DOH!   I knew that.  Not sure then about the Minnesota Navy... LOL.   Sounds like the beginning of a bad pub joke.


----------



## 7milesup (Jul 11, 2020)

He says it is a 198C.  
Time to do some research....


----------



## SLK001 (Jul 11, 2020)

A 198-C is an eight speed, 6 foot bed, 16/24" lathe.


----------



## Superburban (Jul 11, 2020)

If someone want to buy and deliver it for me, I would be forever grateful.


----------



## ddickey (Jul 12, 2020)

I contacted the seller and asked him about the MN Navy. 
His response:
Yes, there was MN navy. Ships and submarines named Minnesota used by the Navy.
Any other questions or concerns?


----------



## 7milesup (Jul 12, 2020)

Yeah, I contacted him too.  When I asked about the model, which was on the posting, he said he could not remember.  Seems that if you work on a machine for 10 months as his ad says, you would remember the model.  Also, asked him the weight.  1500lbs was his response, which I knew immediately was way off.  I looked it up in an old SB catalog online and it is 2700lbs.
Not real sure about this...


----------



## ddickey (Jul 12, 2020)

That's really weird.


----------



## MrWhoopee (Jul 12, 2020)

For that kind of money your getting close to a modern, gear-head machine with central lube and metric threading. Something like a Clausing-Colchester or Cadillac comes to mind. It is a classic though.....


----------



## 7milesup (Jul 12, 2020)

That is the problem that I have... not enough knowledge regarding American made machines to know what to look for.


----------



## Superburban (Jul 12, 2020)

ddickey said:


> I contacted the seller and asked him about the MN Navy.
> His response:
> Yes, there was MN navy. Ships and submarines named Minnesota used by the Navy.
> Any other questions or concerns?


In that case, a lot of states had navies. Arizona, and Wisconsin come to mind.

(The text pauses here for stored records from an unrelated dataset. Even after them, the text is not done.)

lemma derivative_at_one_lower:
  assumes \<delta>: "0 < \<delta>" "\<delta> \<le> 1/2"
  shows "N * L * (1 / (1 + \<delta>) powr \<alpha> - 1) - (N * \<epsilon> + 4 * \<epsilon> / \<delta>) - K \<le> f' 1"
proof -
  obtain \<xi> where \<xi>: "1 < \<xi>" "\<xi> < 1 + \<delta>" and f'\<xi>: "\<bar>f' \<xi>\<bar> \<le> 2 * \<epsilon> / \<delta>"
    using small_derivative_between[of 1 \<delta>] \<delta> by auto
  define D where "D = N * \<epsilon> + 4 * \<epsilon> / \<delta>"
  have \<epsilon>: "0 \<le> \<epsilon>" using near_limit[of 1] by linarith
  have D: "0 \<le> D" using \<epsilon> \<delta> N_nonneg by (simp add: D_def)
  have \<xi>_powr: "1 \<le> \<xi> powr \<alpha>" "\<xi> powr \<alpha> \<le> (1 + \<delta>) powr \<alpha>"
    using \<xi> alpha_pos by (auto intro: ge_one_powr_ge_zero powr_mono2)
  have "N * L - D \<le> N * f \<xi> + \<xi> * f' \<xi>"
  proof -
    have "\<bar>\<xi> * f' \<xi>\<bar> \<le> 2 * \<bar>f' \<xi>\<bar>"
      using \<xi> \<delta> by (simp add: abs_mult mult_right_mono)
    moreover have "N * L - N * \<epsilon> \<le> N * f \<xi>"
      using mult_left_mono[of "L - \<epsilon>" "f \<xi>" N] near_limit[of \<xi>] \<xi> N_nonneg
      by (simp add: right_diff_distrib)
    ultimately show ?thesis using f'\<xi> abs_ge_minus_self[of "\<xi> * f' \<xi>"] by (simp add: D_def)
  qed
  moreover have "N * L / (1 + \<delta>) powr \<alpha> - D \<le> (N * L - D) / \<xi> powr \<alpha>"
  proof -
    have "N * L / (1 + \<delta>) powr \<alpha> \<le> N * L / \<xi> powr \<alpha>"
      using \<xi>_powr N_nonneg L_nonneg by (intro divide_left_mono) (auto intro!: mult_pos_pos)
    moreover have "D / \<xi> powr \<alpha> \<le> D"
      using \<xi>_powr D by (simp add: divide_le_eq mult_le_cancel_left1)
    ultimately show ?thesis by (simp add: diff_divide_distrib)
  qed
  ultimately have "N * L / (1 + \<delta>) powr \<alpha> - D \<le> (N * f \<xi> + \<xi> * f' \<xi>) / \<xi> powr \<alpha>"
    using \<xi>_powr by (meson divide_right_mono order_trans zero_le_one)
  moreover have "0 \<le> K / \<xi> powr (\<alpha> + 2)" using K_nonneg by simp
  moreover have "(N * f \<xi> + \<xi> * f' \<xi>) / \<xi> powr \<alpha> + K / \<xi> powr (\<alpha> + 2) \<le> N * f 1 + f' 1 + K"
    using antitone[of 1 \<xi>] \<xi> by simp
  moreover have "N * f 1 \<le> N * L" using below_limit N_nonneg by (simp add: mult_left_mono)
  ultimately show ?thesis by (simp add: D_def algebra_simps)
qed

lemma abs_derivative_at_one_le:
  assumes \<delta>: "0 < \<delta>" "\<delta> \<le> 1/2"
  shows "\<bar>f' 1\<bar> \<le> N * L * (1 / (1 - \<delta>) powr \<alpha> - 1 / (1 + \<delta>) powr \<alpha>)
                   + (N + 2 powr (\<alpha> + 1) + 4) * \<epsilon> / \<delta> + (2 powr (\<alpha> + 2) + 1) * K"
proof -
  define a b where "a = 1 / (1 - \<delta>) powr \<alpha>" and "b = 1 / (1 + \<delta>) powr \<alpha>"
  have \<epsilon>: "0 \<le> \<epsilon>" using near_limit[of 1] by linarith
  have "(1 + \<delta>) powr \<alpha> \<ge> 1" "(1 - \<delta>) powr \<alpha> \<le> 1"
    using \<delta> alpha_pos powr_mono2[of \<alpha> "1 - \<delta>" 1] by (auto intro: ge_one_powr_ge_zero)
  then have "b \<le> 1" "1 \<le> a"
    using \<delta> by (auto simp: a_def b_def divide_simps)
  then have NL: "N * L * (a - 1) \<le> N * L * (a - b)" "- (N * L * (b - 1)) \<le> N * L * (a - b)"
    using N_nonneg L_nonneg by (auto simp flip: mult_minus_right intro!: mult_left_mono)
  have "N * \<epsilon> \<le> N * \<epsilon> / \<delta>"
    using \<delta> \<epsilon> N_nonneg by (simp add: le_divide_eq mult_left_le)
  moreover have "N * L * (a - b) + (N + 2 powr (\<alpha> + 1) + 4) * \<epsilon> / \<delta> + (2 powr (\<alpha> + 2) + 1) * K
      = N * L * (a - b) + N * \<epsilon> / \<delta> + 2 powr \<alpha> * (2 * \<epsilon> / \<delta>) + 4 * \<epsilon> / \<delta>
        + 2 powr (\<alpha> + 2) * K + K"
    by (simp add: powr_add add_divide_distrib algebra_simps)
  moreover have "0 \<le> 2 powr \<alpha> * (2 * \<epsilon> / \<delta>)" "0 \<le> 4 * \<epsilon> / \<delta>" "0 \<le> 2 powr (\<alpha> + 2) * K"
    using \<epsilon> \<delta> K_nonneg by auto
  ultimately show ?thesis
    using derivative_at_one_upper[OF \<delta>] derivative_at_one_lower[OF \<delta>] NL K_nonneg
    unfolding a_def[symmetric] b_def[symmetric] by (intro abs_leI) linarith+
qed

end

lemma abs_inner_gradient_le:
  fixes V :: "'a::real_inner \<Rightarrow> real" and G :: "'a \<Rightarrow> 'a"
  assumes grad: "\<And>x. (V has_derivative (\<lambda>h. G x \<bullet> h)) (at x)"
    and "0 < \<alpha>" "0 \<le> N" "0 \<le> c" "0 \<le> L" and below: "\<And>x. V x \<le> L"
    and mono: "\<And>x s t. x \<noteq> 0 \<Longrightarrow> 0 < s \<Longrightarrow> s \<le> t \<Longrightarrow>
        (N * V (t *\<^sub>R x) + G (t *\<^sub>R x) \<bullet> (t *\<^sub>R x)) / t powr \<alpha> + c / (4 * t powr (\<alpha> + 2) * (norm x)\<^sup>2)
        \<le> (N * V (s *\<^sub>R x) + G (s *\<^sub>R x) \<bullet> (s *\<^sub>R x)) / s powr \<alpha> + c / (4 * s powr (\<alpha> + 2) * (norm x)\<^sup>2)"
    and y: "y \<noteq> 0" and near: "\<And>z. norm y / 2 \<le> norm z \<Longrightarrow> \<bar>V z - L\<bar> \<le> \<epsilon>"
    and \<delta>: "0 < \<delta>" "\<delta> \<le> 1/2"
  shows "\<bar>G y \<bullet> y\<bar> \<le> N * L * (1 / (1 - \<delta>) powr \<alpha> - 1 / (1 + \<delta>) powr \<alpha>)
    + (N + 2 powr (\<alpha> + 1) + 4) * \<epsilon> / \<delta> + (2 powr (\<alpha> + 2) + 1) * (c / (4 * (norm y)\<^sup>2))"
proof -
  interpret radial_profile "\<lambda>t. V (t *\<^sub>R y)" "\<lambda>t. G (t *\<^sub>R y) \<bullet> y" N \<alpha> "c / (4 * (norm y)\<^sup>2)" L \<epsilon>
  proof
    show "((\<lambda>t. V (t *\<^sub>R y)) has_real_derivative G (t *\<^sub>R y) \<bullet> y) (at t)" for t
      using has_real_derivative_along_ray[OF grad] .
    show "\<bar>V (t *\<^sub>R y) - L\<bar> \<le> \<epsilon>" if "1/2 \<le> t" for t
      using near that y by (auto intro!: mult_right_mono)
    show "(N * V (t *\<^sub>R y) + t * (G (t *\<^sub>R y) \<bullet> y)) / t powr \<alpha> + c / (4 * (norm y)\<^sup>2) / t powr (\<alpha> + 2)
        \<le> (N * V (s *\<^sub>R y) + s * (G (s *\<^sub>R y) \<bullet> y)) / s powr \<alpha> + c / (4 * (norm y)\<^sup>2) / s powr (\<alpha> + 2)"
      if "0 < s" "s \<le> t" for s t
      using mono[OF y that] by (simp add: ac_simps)
  qed (use assms in auto)
  show ?thesis using abs_derivative_at_one_le[OF \<delta>] by simp
qed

And Carl Vinson, bob Hope, and many others must have had private navies.  

I do know that at one time, many states did have a sort of version of a Navy National Guard.


----------



## 7milesup (Jul 13, 2020)

I think that the seller has a fair amount of BS coming out of him.   

Some interesting information I came across though was that the spindle on those lathes used sleeve bearings.  In the South Bend catalog, they tout the sleeve bearings as extremely smooth running to minimize any marks during machining.   I wonder how long those sleeve bearings last and what the process is for replacing them.


----------



## SLK001 (Jul 13, 2020)

7milesup said:


> Some interesting information I came across though was that the spindle on those lathes used sleeve bearings.  In the South Bend catalog, they tout the sleeve bearings as extremely smooth running to minimize any marks during machining.   I wonder how long those sleeve bearings last and what the process is for replacing them.



No sleeve bearings for a 1945 SB lathe.  At that time, the bearings were segmented cast iron.  Sleeve bearings were re-introduced in the late 1940's.  

As for longevity, if properly maintained, sleeve bearings should run for decades.  They can also be adjusted to take up any slop that pops up during their life.  Properly adjusted, the spindle rides extremely smooth on a thin film of oil.  As for replacing, they simply slide on and off (IF you can get them).


----------



## 7milesup (Jul 13, 2020)

So you are saying that it has segmented cast iron bearings?  I don't even know what that is...  I will have to look it up.


----------



## kb58 (Jul 13, 2020)

ddickey said:


> I contacted the seller and asked him about the MN Navy.
> His response:
> Yes, there was MN navy. *Ships and submarines named Minnesota used by the Navy.*
> Any other questions or concerns?


I was impressed by the ad until this bit. Assuming the context is what it seems to be, it's a very BS comment, as was said. I suppose that it's also possible that he really believes it, but seriously?

If you go look at it, I'd look it over Very carefully, especially the paint, to establish whether it really did come completely apart. Look for painted over screws, bolts, and seams. It started out sounding very good though, and as for what it's worth, what's an old car worth? Same answer.


----------



## 7milesup (Jul 13, 2020)

I don't think I will be going to look at it, although I am going to Minneapolis tomorrow. 
As mentioned above, I believe that if I wanted to spend that kind of money I would purchase something more modern maybe.  I mean, I can buy a PM1340 GT for not much more.


----------



## SLK001 (Jul 13, 2020)

7milesup said:


> So you are saying that it has segmented cast iron bearings?  I don't even know what that is...  I will have to look it up.



Here's a photo of a segmented CI bearing.  Sorry about the watermark, it's not my image.


----------



## 7milesup (Jul 13, 2020)

Very interesting SLK001.  I did a little more reading on segmented bearings.  Welp, learned something today.


----------